**TASK INSTRUCTIONS:** Both the line below containing "using path_weight_shape[OF assms(2)]" and the line containing "we e. weight_le", along with every line between them, should be repeated exactly; no other line belongs in the answer.

[Items from a dataset]

▶

lemma degree_eq_card_neighbors: "degree E u = card (neighbors E u)"
proof -
  have "{e \<in> E. u \<in> e} = (\<lambda>v. {u, v}) ` neighbors E u"
    using G by (fastforce simp: neighbors_def simple_graph_def card_2_iff insert_commute)
  moreover have "inj_on (\<lambda>v. {u, v}) (neighbors E u)"
    by (auto simp: inj_on_def doubleton_eq_iff)
  ultimately show ?thesis unfolding degree_def by (simp add: card_image)
qed

lemma degree_pos_if_edge: "{u, v} \<in> E \<Longrightarrow> 1 \<le> degree E u"
  using finite_neighbors by (force simp: degree_eq_card_neighbors neighbors_def Suc_le_eq card_gt_0_iff)

lemma card_neighbors_minus: "card (neighbors E u - {v}) = degree E u - (if {u, v} \<in> E then 1 else 0)"
  by (simp add: degree_eq_card_neighbors card_Diff_singleton_if neighbors_def)

lemma sum_degree_eq: "(\<Sum>u\<in>V. degree E u) = 2 * card E"
  using sum_incident_eq_double_sum[OF finite_vertices, of E "\<lambda>_. 1::nat"] G
  by (simp add: degree_def simple_graph_def)

lemma sum_degree_real: "(\<Sum>u\<in>V. real (degree E u)) = 2 * real (card E)"
  using arg_cong[OF sum_degree_eq, of real] by simp

lemma min_degree_le: "v \<in> V \<Longrightarrow> min_degree V E \<le> degree E v"
  by (simp add: min_degree_def finite_vertices)

lemma degree_le_max_degree: "v \<in> V \<Longrightarrow> degree E v \<le> max_degree V E"
  by (simp add: max_degree_def finite_vertices)
lemma card_point_indices_beta_pairs:
  assumes "indep2 x y"
  shows "card {v \<in> point_indices (span2 x y). (v + t) mod N \<in> point_indices (span2 x y)} = 1"
proof -
  let ?M = "{z. \<beta> * z \<in> span2 x y}"
  have "{v \<in> point_indices (span2 x y). (v + t) mod N \<in> point_indices (span2 x y)}
      = point_indices (span2 x y \<inter> ?M)"
    using scalar_closed_alpha_power_mod[OF scalar_closed_span2, of "_ + t"]
    by (auto simp: point_indices_def \<beta>_def power_add mult.commute)
  also have "?M = span2 (x / \<beta>) (y / \<beta>)"
    by (rule span2_preimage_mult) simp
  moreover have "span2 x y \<noteq> span2 (x / \<beta>) (y / \<beta>)"
    using span2_not_beta_invariant[OF assms] span2_preimage_mult by simp
  ultimately show ?thesis
    using card_point_indices_inter_span2[OF assms indep2_divide[OF beta_nonzero assms]] by simp
qed

lemma no_full_residue_class:
  assumes "indep2 x y" "u < t"
  shows "\<not> {u, u + t, u + 2 * t} \<subseteq> point_indices (span2 x y)"
proof
  assume "{u, u + t, u + 2 * t} \<subseteq> point_indices (span2 x y)"
  hence "\<alpha> ^ u \<in> span2 x y" "\<beta> * \<alpha> ^ u \<in> span2 x y" "\<beta> ^ 2 * \<alpha> ^ u \<in> span2 x y"
    by (auto simp: point_indices_def \<beta>_def power_add mult.commute mult_2_right
        simp flip: power_mult)
  thus False
    by (intro span2_no_beta_orbit[OF assms(1), of "\<alpha> ^ u"]) simp_all
qed
(* Let $E$ be a directed graph, $S=M(\mathbb{Z},I)\cup\{0\}$, $w$ a canonical weight mapping on $E$, and $e$ a nonzero idempotent of $S$. Let $S_E=\{s\in S\setminus\{0\}:\ w(\mu)=s \text{ for some } \mu\in E^*\}$ and $S_e=\{s\in S_E: ss^{-1}=e\}$, and for $s,t\in S_e$ put $s\le t$ iff every path of weight $t$ contains an initial subpath of weight $s$. Then $S_e$ is a directed set with respect to $\le$.
   Context: Directed graph $E=(E^0,E^1,\mathrm{r},\mathrm{s})$; $E^*$ is the set of paths (finite sequences $\alpha_1\cdots\alpha_k$ of edges with $\mathrm{r}(\alpha_i)=\mathrm{s}(\alpha_{i+1})$, vertices being paths of length $0$); initial subpaths of $\alpha_1\cdots\alpha_k$ are $\mathrm{s}(\alpha_1)$ and $\alpha_1\cdots\alpha_m$, $m\le k$. $M(\mathbb{Z},I)=I\times\mathbb{Z}\times I$ with $(i,a,j)(k,b,l)=(i,a+b,l)$ if $j=k$, else undefined; $S=M(\mathbb{Z},I)\cup\{0\}$ with undefined products $0$, $0$ absorbing; $(i,a,j)^{-1}=(j,-a,i)$. Canonical weight mapping: each vertex gets weight $(i,0,i)$, each edge weight $(i,1,j)$, $w(\mathrm{s}(\alpha))w(\alpha)=w(\alpha)=w(\alpha)w(\mathrm{r}(\alpha))$; for each nonzero idempotent $f$ all edges whose source has weight $f$ have the same weight and all edges whose range has weight $f$ have the same weight; $w(\alpha_1\cdots\alpha_k)=w(\alpha_1)\cdots w(\alpha_k)$. A directed set is a set with a reflexive transitive relation in which any two elements have an upper bound. *)

theory Defs
  imports Main
begin

text \<open>The semigroup S = M(Z,I) \<union> {0}: None is 0, Some (i,a,j) is (i,a,j).
  The index set I is the type 'i.\<close>

type_synonym 'i S = "('i \<times> int \<times> 'i) option"

fun smult :: "'i S \<Rightarrow> 'i S \<Rightarrow> 'i S" where
  "smult (Some (i, a, j)) (Some (k, b, l)) = (if j = k then Some (i, a + b, l) else None)"
| "smult _ _ = None"

definition sinv :: "'i S \<Rightarrow> 'i S" where
  "sinv x = map_option (\<lambda>(i, a, j). (j, - a, i)) x"

definition nonzero_idempotent :: "'i S \<Rightarrow> bool" where
  "nonzero_idempotent f \<longleftrightarrow> f \<noteq> None \<and> smult f f = f"

text \<open>Directed graph E = (E0, E1, r, s). A path is represented as a pair (v, es):
  a vertex path is (v, []); an edge path alpha_1...alpha_k is (s(alpha_1), [alpha_1,...,alpha_k]).\<close>

definition graph :: "'v set \<Rightarrow> 'e set \<Rightarrow> ('e \<Rightarrow> 'v) \<Rightarrow> ('e \<Rightarrow> 'v) \<Rightarrow> bool" where
  "graph E0 E1 r s \<longleftrightarrow> r ` E1 \<subseteq> E0 \<and> s ` E1 \<subseteq> E0"

definition is_path :: "'v set \<Rightarrow> 'e set \<Rightarrow> ('e \<Rightarrow> 'v) \<Rightarrow> ('e \<Rightarrow> 'v) \<Rightarrow> 'v \<times> 'e list \<Rightarrow> bool" where
  "is_path E0 E1 r s p \<longleftrightarrow>
     fst p \<in> E0 \<and> set (snd p) \<subseteq> E1 \<and>
     (snd p \<noteq> [] \<longrightarrow> s (hd (snd p)) = fst p) \<and>
     (\<forall>i. Suc i < length (snd p) \<longrightarrow> r (snd p ! i) = s (snd p ! Suc i))"

definition initial_subpath :: "'v \<times> 'e list \<Rightarrow> 'v \<times> 'e list \<Rightarrow> bool" where
  "initial_subpath q p \<longleftrightarrow> (\<exists>m \<le> length (snd p). q = (fst p, take m (snd p)))"

fun sprod :: "'i S list \<Rightarrow> 'i S" where
  "sprod [] = None"
| "sprod [x] = x"
| "sprod (x # y # xs) = smult x (sprod (y # xs))"

definition path_weight :: "('v \<Rightarrow> 'i S) \<Rightarrow> ('e \<Rightarrow> 'i S) \<Rightarrow> 'v \<times> 'e list \<Rightarrow> 'i S" where
  "path_weight wv we p = (if snd p = [] then wv (fst p) else sprod (map we (snd p)))"

definition canonical_weight ::
  "'v set \<Rightarrow> 'e set \<Rightarrow> ('e \<Rightarrow> 'v) \<Rightarrow> ('e \<Rightarrow> 'v) \<Rightarrow> ('v \<Rightarrow> 'i S) \<Rightarrow> ('e \<Rightarrow> 'i S) \<Rightarrow> bool" where
  "canonical_weight E0 E1 r s wv we \<longleftrightarrow>
     (\<forall>v\<in>E0. \<exists>i. wv v = Some (i, 0, i)) \<and>
     (\<forall>\<alpha>\<in>E1. \<exists>i j. we \<alpha> = Some (i, 1, j)) \<and>
     (\<forall>\<alpha>\<in>E1. smult (wv (s \<alpha>)) (we \<alpha>) = we \<alpha> \<and> we \<alpha> = smult (we \<alpha>) (wv (r \<alpha>))) \<and>
     (\<forall>f. nonzero_idempotent f \<longrightarrow>
        (\<forall>\<alpha>\<in>E1. \<forall>\<beta>\<in>E1. wv (s \<alpha>) = f \<and> wv (s \<beta>) = f \<longrightarrow> we \<alpha> = we \<beta>) \<and>
        (\<forall>\<alpha>\<in>E1. \<forall>\<beta>\<in>E1. wv (r \<alpha>) = f \<and> wv (r \<beta>) = f \<longrightarrow> we \<alpha> = we \<beta>))"

definition S_E :: "'v set \<Rightarrow> 'e set \<Rightarrow> ('e \<Rightarrow> 'v) \<Rightarrow> ('e \<Rightarrow> 'v) \<Rightarrow> ('v \<Rightarrow> 'i S) \<Rightarrow> ('e \<Rightarrow> 'i S) \<Rightarrow> 'i S set" where
  "S_E E0 E1 r s wv we = {t. t \<noteq> None \<and> (\<exists>\<mu>. is_path E0 E1 r s \<mu> \<and> path_weight wv we \<mu> = t)}"

definition S_idem :: "'v set \<Rightarrow> 'e set \<Rightarrow> ('e \<Rightarrow> 'v) \<Rightarrow> ('e \<Rightarrow> 'v) \<Rightarrow> ('v \<Rightarrow> 'i S) \<Rightarrow> ('e \<Rightarrow> 'i S) \<Rightarrow> 'i S \<Rightarrow> 'i S set" where
  "S_idem E0 E1 r s wv we e = {t \<in> S_E E0 E1 r s wv we. smult t (sinv t) = e}"

definition weight_le :: "'v set \<Rightarrow> 'e set \<Rightarrow> ('e \<Rightarrow> 'v) \<Rightarrow> ('e \<Rightarrow> 'v) \<Rightarrow> ('v \<Rightarrow> 'i S) \<Rightarrow> ('e \<Rightarrow> 'i S) \<Rightarrow> 'i S \<Rightarrow> 'i S \<Rightarrow> bool" where
  "weight_le E0 E1 r s wv we a b \<longleftrightarrow>
     (\<forall>p. is_path E0 E1 r s p \<and> path_weight wv we p = b \<longrightarrow>
        (\<exists>q. initial_subpath q p \<and> path_weight wv we q = a))"

definition directed_set :: "'a set \<Rightarrow> ('a \<Rightarrow> 'a \<Rightarrow> bool) \<Rightarrow> bool" where
  "directed_set A R \<longleftrightarrow>
     (\<forall>x\<in>A. R x x) \<and>
     (\<forall>x\<in>A. \<forall>y\<in>A. \<forall>z\<in>A. R x y \<and> R y z \<longrightarrow> R x z) \<and>
     (\<forall>x\<in>A. \<forall>y\<in>A. \<exists>z\<in>A. R x z \<and> R y z)"

end

theory Submission
  imports Defs
begin

text \<open>A path of length n starting at a vertex of weight (i,0,i) has weight (i,n,j), and two paths
  with the same length whose initial vertices have equal weight have equal weight, because a
  canonical weight assigns the same weight to all edges leaving vertices of equal weight. Hence on
  S_e, where all paths start at vertices of weight e, the relation \<le> just compares path lengths:
  it is a total preorder, and the longer of two elements is an upper bound.\<close>

lemma smult_left_unitD: "smult f (Some (i, a, j)) = Some (i, a, j) \<Longrightarrow> f = Some (i, 0, i)"
  by (cases f) (auto split: if_splits)

lemma smult_right_unitD: "smult (Some (i, a, j)) f = Some (i, a, j) \<Longrightarrow> f = Some (j, 0, j)"
  by (cases f) (auto split: if_splits)

lemma is_path_take: "is_path E0 E1 r s (v, es) \<Longrightarrow> is_path E0 E1 r s (v, take m es)"
  unfolding is_path_def by (auto dest: in_set_takeD simp: hd_take)

lemma is_path_ConsD:
  assumes "graph E0 E1 r s" and "is_path E0 E1 r s (v, a # rest)"
  shows "a \<in> E1" and "s a = v" and "is_path E0 E1 r s (r a, rest)"
proof -
  have links: "r ((a # rest) ! i) = s ((a # rest) ! Suc i)" if "Suc i < Suc (length rest)" for i
    using assms(2) that unfolding is_path_def by auto
  show "a \<in> E1" "s a = v" using assms(2) by (auto simp: is_path_def)
  with assms(1) have "r a \<in> E0" by (auto simp: graph_def)
  moreover have "s (hd rest) = r a" if "rest \<noteq> []"
    using links[of 0] that by (cases rest) auto
  moreover have "r (rest ! i) = s (rest ! Suc i)" if "Suc i < length rest" for i
    using links[of "Suc i"] that by simp
  ultimately show "is_path E0 E1 r s (r a, rest)"
    using assms(2) by (auto simp: is_path_def)
qed

lemma weight_le_refl: "weight_le E0 E1 r s wv we x x"
  unfolding weight_le_def initial_subpath_def by (metis order_refl prod.collapse take_all)

lemma weight_le_trans:
  assumes "weight_le E0 E1 r s wv we x y" and "weight_le E0 E1 r s wv we y z"
  shows "weight_le E0 E1 r s wv we x z"
  unfolding weight_le_def
proof (intro allI impI)
  fix p assume p: "is_path E0 E1 r s p \<and> path_weight wv we p = z"
  then obtain m where m: "m \<le> length (snd p)" "path_weight wv we (fst p, take m (snd p)) = y"
    using assms(2) unfolding weight_le_def initial_subpath_def by blast
  have "is_path E0 E1 r s (fst p, take m (snd p))"
    using p is_path_take[of E0 E1 r s "fst p" "snd p"] by simp
  then obtain q where "initial_subpath q (fst p, take m (snd p))" "path_weight wv we q = x"
    using assms(1) m(2) unfolding weight_le_def by blast
  then obtain m' where "path_weight wv we (fst p, take m' (take m (snd p))) = x"
    unfolding initial_subpath_def by auto
  then have "initial_subpath (fst p, take (min m' m) (snd p)) p \<and>
      path_weight wv we (fst p, take (min m' m) (snd p)) = x"
    using m(1) unfolding initial_subpath_def by (auto intro!: exI[of _ "min m' m"] simp: min.commute)
  then show "\<exists>q. initial_subpath q p \<and> path_weight wv we q = x" by blast
qed

locale canonically_weighted_graph =
  fixes E0 :: "'v set" and E1 :: "'e set" and r s :: "'e \<Rightarrow> 'v"
    and wv :: "'v \<Rightarrow> 'i S" and we :: "'e \<Rightarrow> 'i S"
  assumes graph: "graph E0 E1 r s"
    and canonical: "canonical_weight E0 E1 r s wv we"
begin

abbreviation path :: "'v \<times> 'e list \<Rightarrow> bool" where
  "path \<equiv> is_path E0 E1 r s"

abbreviation weight :: "'v \<times> 'e list \<Rightarrow> 'i S" where
  "weight \<equiv> path_weight wv we"

lemma edge_weight:
  assumes "a \<in> E1"
  obtains i j where "we a = Some (i, 1, j)" and "wv (s a) = Some (i, 0, i)"
    and "wv (r a) = Some (j, 0, j)"
proof -
  obtain i j where w: "we a = Some (i, 1, j)"
    using canonical assms unfolding canonical_weight_def by blast
  have "smult (wv (s a)) (we a) = we a" and "smult (we a) (wv (r a)) = we a"
    using canonical assms unfolding canonical_weight_def by auto
  with w show thesis
    using that smult_left_unitD smult_right_unitD by metis
qed

lemma path_weight_Cons:
  assumes "a \<in> E1"
  shows "weight (v, a # rest) = smult (we a) (weight (r a, rest))"
proof (cases rest)
  case Nil
  have "we a = smult (we a) (wv (r a))"
    using canonical assms unfolding canonical_weight_def by blast
  with Nil show ?thesis by (simp add: path_weight_def)
qed (simp add: path_weight_def)

lemma path_weight_shape:
  "path (v, es) \<Longrightarrow>
    \<exists>i j. wv v = Some (i, 0, i) \<and> weight (v, es) = Some (i, int (length es), j)"
proof (induction es arbitrary: v)
  case Nil
  then have "v \<in> E0" by (simp add: is_path_def)
  then show ?case
    using canonical unfolding canonical_weight_def by (auto simp: path_weight_def)
next
  case (Cons a rest)
  note a = is_path_ConsD[OF graph Cons.prems]
  obtain i j where "we a = Some (i, 1, j)" "wv (s a) = Some (i, 0, i)"
    and range_weight: "wv (r a) = Some (j, 0, j)"
    using edge_weight[OF a(1)] .
  moreover obtain k where "weight (r a, rest) = Some (j, int (length rest), k)"
    using Cons.IH[OF a(3)] range_weight by auto
  ultimately show ?case
    using a(1,2) path_weight_Cons[OF a(1)] by auto
qed

lemma edge_weight_eqI:
  assumes "a \<in> E1" and "b \<in> E1" and "wv (s a) = wv (s b)"
  shows "we a = we b"
proof -
  obtain i j where "wv (s a) = Some (i, 0, i)"
    using edge_weight[OF assms(1)] .
  then have "nonzero_idempotent (wv (s a))"
    by (simp add: nonzero_idempotent_def)
  with canonical have "\<forall>\<alpha>\<in>E1. \<forall>\<beta>\<in>E1. wv (s \<alpha>) = wv (s a) \<and> wv (s \<beta>) = wv (s a) \<longrightarrow> we \<alpha> = we \<beta>"
    unfolding canonical_weight_def by blast
  with assms show ?thesis by metis
qed

lemma path_weight_eqI:
  "path (v, es) \<Longrightarrow> path (v', es') \<Longrightarrow> length es = length es' \<Longrightarrow> wv v = wv v' \<Longrightarrow>
    weight (v, es) = weight (v', es')"
proof (induction es arbitrary: v v' es')
  case Nil
  then show ?case by (simp add: path_weight_def)
next
  case (Cons a rest)
  then obtain b rest' where es': "es' = b # rest'" by (cases es') auto
  note a = is_path_ConsD[OF graph Cons.prems(1)]
  note b = is_path_ConsD[OF graph Cons.prems(2)[unfolded es']]
  have same_edge_weight: "we a = we b"
    using edge_weight_eqI[OF a(1) b(1)] a(2) b(2) Cons.prems(4) by simp
  obtain i j where "we a = Some (i, 1, j)" "wv (s a) = Some (i, 0, i)"
    "wv (r a) = Some (j, 0, j)"
    using edge_weight[OF a(1)] .
  moreover obtain i' j' where "we b = Some (i', 1, j')" "wv (s b) = Some (i', 0, i')"
    "wv (r b) = Some (j', 0, j')"
    using edge_weight[OF b(1)] .
  ultimately have "wv (r a) = wv (r b)"
    using same_edge_weight by simp
  then have "weight (r a, rest) = weight (r b, rest')"
    using Cons.IH[OF a(3) b(3)] Cons.prems(3) es' by simp
  then show ?case
    using path_weight_Cons[OF a(1)] path_weight_Cons[OF b(1)] same_edge_weight es' by simp
qed

lemma S_idem_path:
  assumes "x \<in> S_idem E0 E1 r s wv we e"
  obtains v es where "path (v, es)" and "weight (v, es) = x" and "wv v = e"
proof -
  obtain v es where p: "path (v, es)" "weight (v, es) = x" and "smult x (sinv x) = e"
    using assms unfolding S_idem_def S_E_def by auto
  moreover obtain i j where "wv v = Some (i, 0, i)" "x = Some (i, int (length es), j)"
    using path_weight_shape[OF p(1)] p(2) by auto
  ultimately show thesis
    using that by (simp add: sinv_def)
qed

lemma weight_le_if_length_le:
  assumes "path (v, es)" and "path (v', es')" and "wv v = wv v'" and "length es \<le> length es'"
  shows "weight_le E0 E1 r s wv we (weight (v, es)) (weight (v', es'))"
  unfolding weight_le_def
proof (intro allI impI, elim conjE)
  fix p assume p: "path p" "weight p = weight (v', es')"
  obtain u fs where u: "p = (u, fs)" by (cases p)
  have "wv u = wv v' \<and> length fs = length es'"
    using path_weight_shape[OF assms(2)] path_weight_shape[OF p(1)[unfolded u]] p(2) u by auto
  then have "weight (u, take (length es) fs) = weight (v, es)"
    using path_weight_eqI[OF is_path_take[OF p(1)[unfolded u]] assms(1)] assms(3,4) by simp
  moreover have "initial_subpath (u, take (length es) fs) p"
    unfolding initial_subpath_def u
    using assms(4) \<open>wv u = wv v' \<and> length fs = length es'\<close> by auto
  ultimately show "\<exists>q. initial_subpath q p \<and> weight q = weight (v, es)" by blast
qed

lemma S_idem_weight_le_total:
  assumes "x \<in> S_idem E0 E1 r s wv we e" and "y \<in> S_idem E0 E1 r s wv we e"
  shows "weight_le E0 E1 r s wv we x y \<or> weight_le E0 E1 r s wv we y x"
proof -
  obtain v es where x: "path (v, es)" "weight (v, es) = x" "wv v = e"
    using S_idem_path[OF assms(1)] .
  obtain v' es' where y: "path (v', es')" "weight (v', es') = y" "wv v' = e"
    using S_idem_path[OF assms(2)] .
  show ?thesis
    using weight_le_if_length_le[OF x(1) y(1)] weight_le_if_length_le[OF y(1) x(1)] x y
    by (metis nat_le_linear)
qed

end

theorem lemma5p7:
  fixes E0 :: "'v set" and E1 :: "'e set" and r s :: "'e \<Rightarrow> 'v"
    and wv :: "'v \<Rightarrow> 'i S" and we :: "'e \<Rightarrow> 'i S" and e :: "'i S"
  assumes "graph E0 E1 r s"
    and "canonical_weight E0 E1 r s wv we"
    and "nonzero_idempotent e"
  shows "directed_set (S_idem E0 E1 r s wv we e) (weight_le E0 E1 r s wv we)"
proof -
  interpret canonically_weighted_graph E0 E1 r s wv we
    using assms(1,2) by unfold_locales
  have "\<exists>z\<in>S_idem E0 E1 r s wv we e. weight_le E0 E1 r s wv we x z \<and> weight_le E0 E1 r s wv we y z"
    if "x \<in> S_idem E0 E1 r s wv we e" and "y \<in> S_idem E0 E1 r s wv we e" for x y
    using S_idem_weight_le_total[OF that] that weight_le_refl by blast
  then show ?thesis
    unfolding directed_set_def using weight_le_refl weight_le_trans by blast
qed

end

◀

**ANSWER TO THIS PROBLEM:**
    using path_weight_shape[OF assms(2)] path_weight_shape[OF p(1)[unfolded u]] p(2) u by auto
  then have "weight (u, take (length es) fs) = weight (v, es)"
    using path_weight_eqI[OF is_path_take[OF p(1)[unfolded u]] assms(1)] assms(3,4) by simp
  moreover have "initial_subpath (u, take (length es) fs) p"
    unfolding initial_subpath_def u
    using assms(4) \<open>wv u = wv v' \<and> length fs = length es'\<close> by auto
  ultimately show "\<exists>q. initial_subpath q p \<and> weight q = weight (v, es)" by blast
qed

lemma S_idem_weight_le_total:
  assumes "x \<in> S_idem E0 E1 r s wv we e" and "y \<in> S_idem E0 E1 r s wv we e"
  shows "weight_le E0 E1 r s wv we x y \<or> weight_le E0 E1 r s wv we y x"
proof -
  obtain v es where x: "path (v, es)" "weight (v, es) = x" "wv v = e"
    using S_idem_path[OF assms(1)] .
  obtain v' es' where y: "path (v', es')" "weight (v', es') = y" "wv v' = e"
    using S_idem_path[OF assms(2)] .
  show ?thesis
    using weight_le_if_length_le[OF x(1) y(1)] weight_le_if_length_le[OF y(1) x(1)] x y
    by (metis nat_le_linear)
qed

end

theorem lemma5p7:
  fixes E0 :: "'v set" and E1 :: "'e set" and r s :: "'e \<Rightarrow> 'v"
    and wv :: "'v \<Rightarrow> 'i S" and we :: "'e \<Rightarrow> 'i S" and e :: "'i S"
  assumes "graph E0 E1 r s"
    and "canonical_weight E0 E1 r s wv we"
    and "nonzero_idempotent e"
  shows "directed_set (S_idem E0 E1 r s wv we e) (weight_le E0 E1 r s wv we)"
proof -
  interpret canonically_weighted_graph E0 E1 r s wv we
    using assms(1,2) by unfold_locales
  have "\<exists>z\<in>S_idem E0 E1 r s wv we e. weight_le E0 E1 r s wv we x z \<and> weight_le E0 E1 r s wv we y z"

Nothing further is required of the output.